[[ Data extract open ]]

lemma translation_closed_residues_eq_all:
  assumes "coprime b (int q)" and P: "P \<subseteq> {0..<int q}"
    and closed: "(\<lambda>x. (x - b) mod int q) ` P \<subseteq> P" and "x \<in> P"
  shows "P = {0..<int q}"
proof -
  have orbit: "(x - int m * b) mod int q \<in> P" for m :: nat
  proof (induction m)
    case 0
    then show ?case using \<open>x \<in> P\<close> P by auto
  next
    case (Suc m)
    then have "((x - int m * b) mod int q - b) mod int q \<in> P"
      using closed by blast
    then show ?case by (simp add: mod_diff_left_eq algebra_simps)
  qed
  obtain u where u: "[b * u = 1] (mod int q)"
    using cong_solve_coprime_int[OF assms(1)] by blast
  have "y \<in> P" if y: "y \<in> {0..<int q}" for y
  proof -
    define m where "m = nat ((x - y) * u mod int q)"
    have "int m = (x - y) * u mod int q"
      using y by (simp add: m_def)
    then have "[int m * b = (x - y) * u * b] (mod int q)"
      by (simp add: cong_def mod_mult_left_eq)
    also have "(x - y) * u * b = (x - y) * (b * u)"
      by (simp add: ac_simps)
    also have "[(x - y) * (b * u) = (x - y) * 1] (mod int q)"
      using u by (rule cong_mult[OF cong_refl])
    finally have "[x - int m * b = x - (x - y) * 1] (mod int q)"
      by (rule cong_diff[OF cong_refl])
    then have "(x - int m * b) mod int q = y"
      using y by (simp add: cong_def)
    then show ?thesis using orbit[of m] by simp
  qed
  then show ?thesis using P by blast
qed

lemma inj_on_translate_mod: "inj_on (\<lambda>x. (x - b) mod int q) {0..<int q}"
proof (rule inj_onI)
  fix x y assume x: "x \<in> {0..<int q}" and y: "y \<in> {0..<int q}"
    and "(x - b) mod int q = (y - b) mod int q"
  then have "[x - b = y - b] (mod int q)"
    by (unfold cong_def)
  then have "[x = y] (mod int q)"
    by (simp add: cong_iff_dvd_diff)
  with x y show "x = y"
    by (simp add: cong_def)
qed

lemma sum_subset_count_Suc:
  assumes "P \<subseteq> {0..<int q}"
  shows "(\<Sum>x\<in>P. subset_count q (Suc n) a x)
           = (\<Sum>x\<in>P. subset_count q n a x)
             + (\<Sum>x\<in>(\<lambda>x. (x - a (Suc n)) mod int q) ` P. subset_count q n a x)"
proof -
  have "(\<Sum>x\<in>P. subset_count q n a (x - a (Suc n)))
      = (\<Sum>x\<in>P. subset_count q n a ((x - a (Suc n)) mod int q))"
    by simp
  also have "\<dots> = (\<Sum>x\<in>(\<lambda>x. (x - a (Suc n)) mod int q) ` P. subset_count q n a x)"
    using inj_on_subset[OF inj_on_translate_mod assms] by (simp add: sum.reindex)
  finally show ?thesis
    by (simp add: subset_count_Suc sum.distrib)
qed

lemma middle_sum_spread_le_Suc:
  assumes "1 \<le> q" and "1 \<le> t" and "t \<le> k" and "k + t \<le> q"
  shows "middle_sum n (k - t) q + middle_sum n (k + t) q \<le> middle_sum (Suc n) k q"
proof -
  have "middle_sum n (k - t) q + middle_sum n (k + t) q \<le> middle_sum n (k - 1) q + middle_sum n (k + 1) q"
    using concave_spread[of q "\<lambda>k. middle_sum n k q", OF _ assms(2-4)] middle_sum_concave[OF assms(1)]
    by (simp add: mult_2)
  also have "\<dots> = middle_sum (Suc n) k q"
    using middle_sum_Suc_Suc[of n "k - 1" q] assms(2,3) by simp
  finally show ?thesis .
qed

lemma card_Un_Int_not_subset:
  assumes "finite A" and "finite B" and "card B = card A" and "\<not> B \<subseteq> A"
  obtains t where "1 \<le> t" and "t \<le> card A"
    and "card (A \<union> B) = card A + t" and "card (A \<inter> B) = card A - t"
proof -
  have "card A < card (A \<union> B)"
    using assms by (intro psubset_card_mono) auto
  moreover have "card (A \<union> B) + card (A \<inter> B) = card A + card A"
    using card_Un_Int[OF assms(1,2)] assms(3) by simp
  ultimately show ?thesis
    by (intro that[of "card (A \<union> B) - card A"]) linarith+
qed

lemma sum_subset_count_0_le_middle_sum:
  assumes "P \<subseteq> {0..<int q}"
  shows "(\<Sum>x\<in>P. subset_count q 0 a x) \<le> middle_sum 0 (card P) q"
proof (cases "P = {}")
  case False
  have "(\<Sum>x\<in>P. subset_count q 0 a x) \<le> 1"
    using sum_subset_count_le[OF finite_subset[OF assms] inj_on_mod_residues[OF assms], where n = 0]
    by simp
  also have "1 = middle_sum 0 (card P) q"
    using False assms card_mono[OF _ assms]
    by (intro middle_sum_0_k[symmetric]) (auto simp: Suc_le_eq card_gt_0_iff finite_subset)
  finally show ?thesis .
qed (simp add: middle_sum_n_0)

lemma sum_subset_count_le_middle_sum:
  assumes "1 \<le> q" and "\<forall>i\<in>{1..n}. coprime (a i) (int q)" and "P \<subseteq> {0..<int q}"
  shows "(\<Sum>x\<in>P. subset_count q n a x) \<le> middle_sum n (card P) q"
  using assms(2,3)
proof (induction n arbitrary: P)
  case 0
  then show ?case by (intro sum_subset_count_0_le_middle_sum) simp
next
  case (Suc n P)
  let ?P' = "(\<lambda>x. (x - a (Suc n)) mod int q) ` P"
  define k where "k = card P"
  have fin: "finite P" "finite ?P'" and P': "?P' \<subseteq> {0..<int q}"
    using Suc.prems(2) assms(1) by (auto intro: finite_subset)
  have card_P': "card ?P' = k"
    unfolding k_def using inj_on_subset[OF inj_on_translate_mod Suc.prems(2)] by (rule card_image)
  have IH: "(\<Sum>x\<in>Q. subset_count q n a x) \<le> middle_sum n (card Q) q" if "Q \<subseteq> {0..<int q}" for Q
    using Suc.IH[OF _ that] Suc.prems(1) by simp
  show ?case
  proof (cases "?P' \<subseteq> P")
    case True
    then consider "P = {}" | "P = {0..<int q}"
      using translation_closed_residues_eq_all[OF _ Suc.prems(2)] Suc.prems(1) by fastforce
    then show ?thesis
    proof cases
      case 2
      have "(\<Sum>x\<in>P. subset_count q (Suc n) a x) \<le> 2 ^ Suc n"
        using sum_subset_count_le[OF fin(1) inj_on_mod_residues[OF Suc.prems(2)]] .
      then show ?thesis
        using 2 assms(1) by (simp add: middle_sum_n_q)
    qed (simp add: middle_sum_n_0)
  next
    case False
    then obtain t where t: "1 \<le> t" "t \<le> k"
      and card_Un: "card (P \<union> ?P') = k + t" and card_Int: "card (P \<inter> ?P') = k - t"
      using card_Un_Int_not_subset[OF fin card_P'[unfolded k_def] False] unfolding k_def by blast
    have "k + t \<le> q"
      using card_mono[of "{0..<int q}" "P \<union> ?P'"] Suc.prems(2) P' card_Un by simp
    have "(\<Sum>x\<in>P. subset_count q (Suc n) a x)
        = (\<Sum>x\<in>P \<union> ?P'. subset_count q n a x) + (\<Sum>x\<in>P \<inter> ?P'. subset_count q n a x)"
      using sum_subset_count_Suc[OF Suc.prems(2)] sum.union_inter[OF fin, symmetric] by simp
    also have "\<dots> \<le> middle_sum n (k + t) q + middle_sum n (k - t) q"
      using IH[of "P \<union> ?P'"] IH[of "P \<inter> ?P'"] Suc.prems(2) P' card_Un card_Int
      by (intro add_mono) auto
    also have "\<dots> \<le> middle_sum (Suc n) k q"
      using middle_sum_spread_le_Suc[OF assms(1) t \<open>k + t \<le> q\<close>] by (simp add: add.commute)
    finally show ?thesis unfolding k_def .
  qed
qed

lemma hits_middle_residues:
  assumes "1 \<le> q" and "k \<le> q"
  shows "hits q n (\<lambda>_. 1) ((\<lambda>j. j mod int q) ` middle_window n k) = middle_sum n k q"
proof -
  have "hits q n (\<lambda>_. 1) ((\<lambda>j. j mod int q) ` middle_window n k)
      = (\<Sum>x\<in>(\<lambda>j. j mod int q) ` middle_window n k. subset_count q n (\<lambda>_. 1) x)"
    using assms(1) by (intro hits_eq_sum_subset_count) auto
  also have "\<dots> = (\<Sum>j\<in>middle_window n k. binom_mod n j q)"
    using inj_on_mod_middle_window[OF assms(2)] by (simp add: sum.reindex binom_mod_eq_subset_count)
  finally show ?thesis
    by (simp add: middle_sum_eq_sum_window)
qed

theorem theorem1:
  fixes q n :: nat
  assumes "q \<ge> 1"
  shows "(\<forall>(a :: nat \<Rightarrow> int) (P :: int set).
            (\<forall>i\<in>{1..n}. coprime (a i) (int q)) \<and> P \<subseteq> {0..<int q}
            \<longrightarrow> hits q n a P \<le> middle_sum n (card P) q)
       \<and> (\<forall>k \<le> q. \<exists>(a :: nat \<Rightarrow> int) (P :: int set).
            (\<forall>i\<in>{1..n}. coprime (a i) (int q)) \<and> P \<subseteq> {0..<int q} \<and> card P = k
            \<and> hits q n a P = middle_sum n k q)"
proof (intro conjI allI impI)
  fix a :: "nat \<Rightarrow> int" and P :: "int set"
  assume "(\<forall>i\<in>{1..n}. coprime (a i) (int q)) \<and> P \<subseteq> {0..<int q}"
  then show "hits q n a P \<le> middle_sum n (card P) q"
    using sum_subset_count_le_middle_sum[OF assms] hits_eq_sum_subset_count by simp
next
  fix k assume "k \<le> q"
  let ?P = "(\<lambda>j. j mod int q) ` middle_window n k"
  have "?P \<subseteq> {0..<int q}" "card ?P = k"
    using assms inj_on_mod_middle_window[OF \<open>k \<le> q\<close>] by (auto simp: card_image card_middle_window)
  then show "\<exists>(a :: nat \<Rightarrow> int) P.
            (\<forall>i\<in>{1..n}. coprime (a i) (int q)) \<and> P \<subseteq> {0..<int q} \<and> card P = k
            \<and> hits q n a P = middle_sum n k q"
    using hits_middle_residues[OF assms \<open>k \<le> q\<close>] by (intro exI[of _ "\<lambda>_. 1"] exI[of _ ?P]) simp
qed

end
locale cyclic_blocks =
  fixes p k :: nat
    and H :: "(nat \<Rightarrow> nat) set"
    and \<Omega> :: "nat \<Rightarrow> nat set"
    and g :: "nat \<Rightarrow> nat \<Rightarrow> nat"
  assumes prime_p: "prime p"
    and H_id: "id \<in> H"
    and H_comp: "h1 \<in> H \<Longrightarrow> h2 \<in> H \<Longrightarrow> h1 \<circ> h2 \<in> H"
    and H_permutes: "h \<in> H \<Longrightarrow> h permutes (\<Union>j<k. \<Omega> j)"
    and H_maps_block: "h \<in> H \<Longrightarrow> j < k \<Longrightarrow> z \<in> \<Omega> j \<Longrightarrow> h z \<in> \<Omega> j"
    and blocks_disjoint: "i < k \<Longrightarrow> j < k \<Longrightarrow> i \<noteq> j \<Longrightarrow> \<Omega> i \<inter> \<Omega> j = {}"
    and block_group: "j < k \<Longrightarrow> restr_group H (\<Omega> j) = {g j ^^ r | r. r < p}"
    and block_group_card: "j < k \<Longrightarrow> card (restr_group H (\<Omega> j)) = p"
begin

lemma p_gt_1: "1 < p"
  using prime_p prime_gt_1_nat by blast

lemma H_funpow: "h \<in> H \<Longrightarrow> h ^^ m \<in> H"
  by (induction m) (auto simp: H_id H_comp)

lemma g_eq_restr_perm: "j < k \<Longrightarrow> \<exists>h\<in>H. g j = restr_perm h (\<Omega> j)"
proof -
  assume j: "j < k"
  have "g j ^^ 1 \<in> {g j ^^ r | r. r < p}" using p_gt_1 by blast
  then show ?thesis using block_group[OF j] unfolding restr_group_def by auto
qed
text \<open>Adding the edge (a, b) only removes b from the initial and a from the terminal
vertices, so at most one of each. While the graph is not an (x, x) graph, one of the two
counts exceeds x. If both do, any missing edge may be added, and one is missing since the
complete graph has a single initial vertex. If only the initial count exceeds x, any missing
edge leaving a non-terminal vertex may be added; if there is none, the least non-terminal
vertex a has an edge to every later vertex, so all initial vertices lie in {1..a} while
1, ..., a - 1 and n are terminal, and the initial count is at most the terminal one, x.
The remaining case is the mirror image under v \<mapsto> n + 1 - v with all edges reversed.\<close>

definition increasing_pairs :: "nat \<Rightarrow> (nat \<times> nat) set" where
  "increasing_pairs n = {(a, b). 1 \<le> a \<and> a < b \<and> b \<le> n}"

lemma initial_vertices_insert:
  "initial_vertices n (insert (a, b) E) = initial_vertices n E - {b}"
  by (auto simp: initial_vertices_def)

lemma terminal_vertices_insert:
  "terminal_vertices n (insert (a, b) E) = terminal_vertices n E - {a}"
  by (auto simp: terminal_vertices_def)

lemma initial_vertices_subset: "initial_vertices n E \<subseteq> {1..n}"
  by (auto simp: initial_vertices_def)

lemma terminal_vertices_subset: "terminal_vertices n E \<subseteq> {1..n}"
  by (auto simp: terminal_vertices_def)
lemma sum_card_mult_eq_sum_sum:
  fixes f :: "'b \<Rightarrow> 'c::comm_semiring_1"
  assumes "finite A" and "finite B"
  shows "(\<Sum>b\<in>B. of_nat (card {a\<in>A. R a b}) * f b) = (\<Sum>a\<in>A. \<Sum>b\<in>{b\<in>B. R a b}. f b)"
proof -
  have card_eq: "of_nat (card {a\<in>A. R a b}) = (\<Sum>a\<in>A. if R a b then 1 else (0::'c))" for b
    using sum.inter_filter[OF assms(1), of "\<lambda>_. 1::'c" "\<lambda>a. R a b"] by simp
  have "(\<Sum>b\<in>B. of_nat (card {a\<in>A. R a b}) * f b) = (\<Sum>b\<in>B. \<Sum>a\<in>A. if R a b then f b else 0)"
    unfolding card_eq sum_distrib_right by (intro sum.cong) auto
  also have "\<dots> = (\<Sum>a\<in>A. \<Sum>b\<in>B. if R a b then f b else 0)"
    by (rule sum.swap)
  also have "\<dots> = (\<Sum>a\<in>A. \<Sum>b\<in>{b\<in>B. R a b}. f b)"
    using assms(2) by (simp add: sum.inter_filter)
  finally show ?thesis .
qed

lemma (in group_action) ex_fixed_point_if_prime_power_order:
  assumes E: "finite E" and p: "prime p" and order: "order G = p ^ b" and "\<not> p dvd card E"
  shows "\<exists>x\<in>E. \<forall>g\<in>carrier G. \<phi> g x = x"
proof (rule ccontr)
  assume no_fixed: "\<not> ?thesis"
  have "p dvd card Orb" if Orb: "Orb \<in> orbits G E \<phi>" for Orb
  proof -
    obtain x where x: "x \<in> E" "Orb = orbit G \<phi> x" using Orb unfolding orbits_def by blast
    have "card Orb dvd p ^ b"
      using orbit_stabilizer_theorem[OF x(1)] x(2) order dvd_triv_left by metis
    then obtain i where i: "card Orb = p ^ i" using divides_primepow_nat[OF p] by blast
    have "i \<noteq> 0"
    proof
      assume "i = 0"
      then obtain z where "Orb = {z}" using i card_1_singletonE by auto
      then have "Orb = {x}" using orbit_refl[OF x(1)] x(2) by simp
      then show False
        using no_fixed x unfolding orbit_def by blast
    qed
    then show ?thesis using i by (simp add: dvd_power)
  qed
  then have "p dvd (\<Sum>Orb\<in>orbits G E \<phi>. card Orb)" by (simp add: dvd_sum)
  moreover have "(\<Sum>Orb\<in>orbits G E \<phi>. card Orb) = card E"
    using disjoint_sum[OF E, of "\<lambda>_. 1::nat"] by simp
  ultimately show False using assms(4) by simp
qed

section \<open>Conjugation, centralizers and Sylow subgroups\<close>

definition conjugate :: "('a, 'b) monoid_scheme \<Rightarrow> 'a \<Rightarrow> 'a set \<Rightarrow> 'a set" where
  "conjugate G g X = (\<lambda>x. inv\<^bsub>G\<^esub> g \<otimes>\<^bsub>G\<^esub> x \<otimes>\<^bsub>G\<^esub> g) ` X"

context group
begin

lemma inv_mult_cancel_left [simp]: "g \<in> carrier G \<Longrightarrow> x \<in> carrier G \<Longrightarrow> inv g \<otimes> (g \<otimes> x) = x"
  by (simp add: m_assoc[symmetric])

lemma mult_inv_cancel_left [simp]: "g \<in> carrier G \<Longrightarrow> x \<in> carrier G \<Longrightarrow> g \<otimes> (inv g \<otimes> x) = x"
  by (simp add: m_assoc[symmetric])

lemma inj_on_conjugation: "g \<in> carrier G \<Longrightarrow> inj_on (\<lambda>x. inv g \<otimes> x \<otimes> g) (carrier G)"
  by (auto simp: inj_on_def)

lemma conj_eq_self_iff_commute:
  assumes "x \<in> carrier G" and "m \<in> carrier G"
  shows "inv m \<otimes> x \<otimes> m = x \<longleftrightarrow> x \<otimes> m = m \<otimes> x"
proof
  assume "inv m \<otimes> x \<otimes> m = x"
  then have "m \<otimes> (inv m \<otimes> x \<otimes> m) = m \<otimes> x" by simp
  then show "x \<otimes> m = m \<otimes> x" using assms by (simp add: m_assoc)
next
  assume "x \<otimes> m = m \<otimes> x"
  then have "inv m \<otimes> (x \<otimes> m) = inv m \<otimes> (m \<otimes> x)" by simp
  then show "inv m \<otimes> x \<otimes> m = x" using assms by (simp add: m_assoc)
qed

lemma conj_commute_iff:
  assumes "a \<in> carrier G" "b \<in> carrier G" "g \<in> carrier G"
  shows "a \<otimes> (inv g \<otimes> b \<otimes> g) = (inv g \<otimes> b \<otimes> g) \<otimes> a
     \<longleftrightarrow> (g \<otimes> a \<otimes> inv g) \<otimes> b = b \<otimes> (g \<otimes> a \<otimes> inv g)"
proof -
  have "a \<otimes> (inv g \<otimes> b \<otimes> g) = inv g \<otimes> ((g \<otimes> a \<otimes> inv g) \<otimes> b) \<otimes> g"
    and "(inv g \<otimes> b \<otimes> g) \<otimes> a = inv g \<otimes> (b \<otimes> (g \<otimes> a \<otimes> inv g)) \<otimes> g"
    using assms by (simp_all add: m_assoc)
  then show ?thesis using assms by simp
qed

[[ Data extract closed ]]

Instructions to follow: Please print, exactly and with nothing else, the lines from the first line of the entries through the line containing "then show ?case by (simp".

Completed task:
lemma translation_closed_residues_eq_all:
  assumes "coprime b (int q)" and P: "P \<subseteq> {0..<int q}"
    and closed: "(\<lambda>x. (x - b) mod int q) ` P \<subseteq> P" and "x \<in> P"
  shows "P = {0..<int q}"
proof -
  have orbit: "(x - int m * b) mod int q \<in> P" for m :: nat
  proof (induction m)
    case 0
    then show ?case using \<open>x \<in> P\<close> P by auto
  next
    case (Suc m)
    then have "((x - int m * b) mod int q - b) mod int q \<in> P"
      using closed by blast
    then show ?case by (simp add: mod_diff_left_eq algebra_simps)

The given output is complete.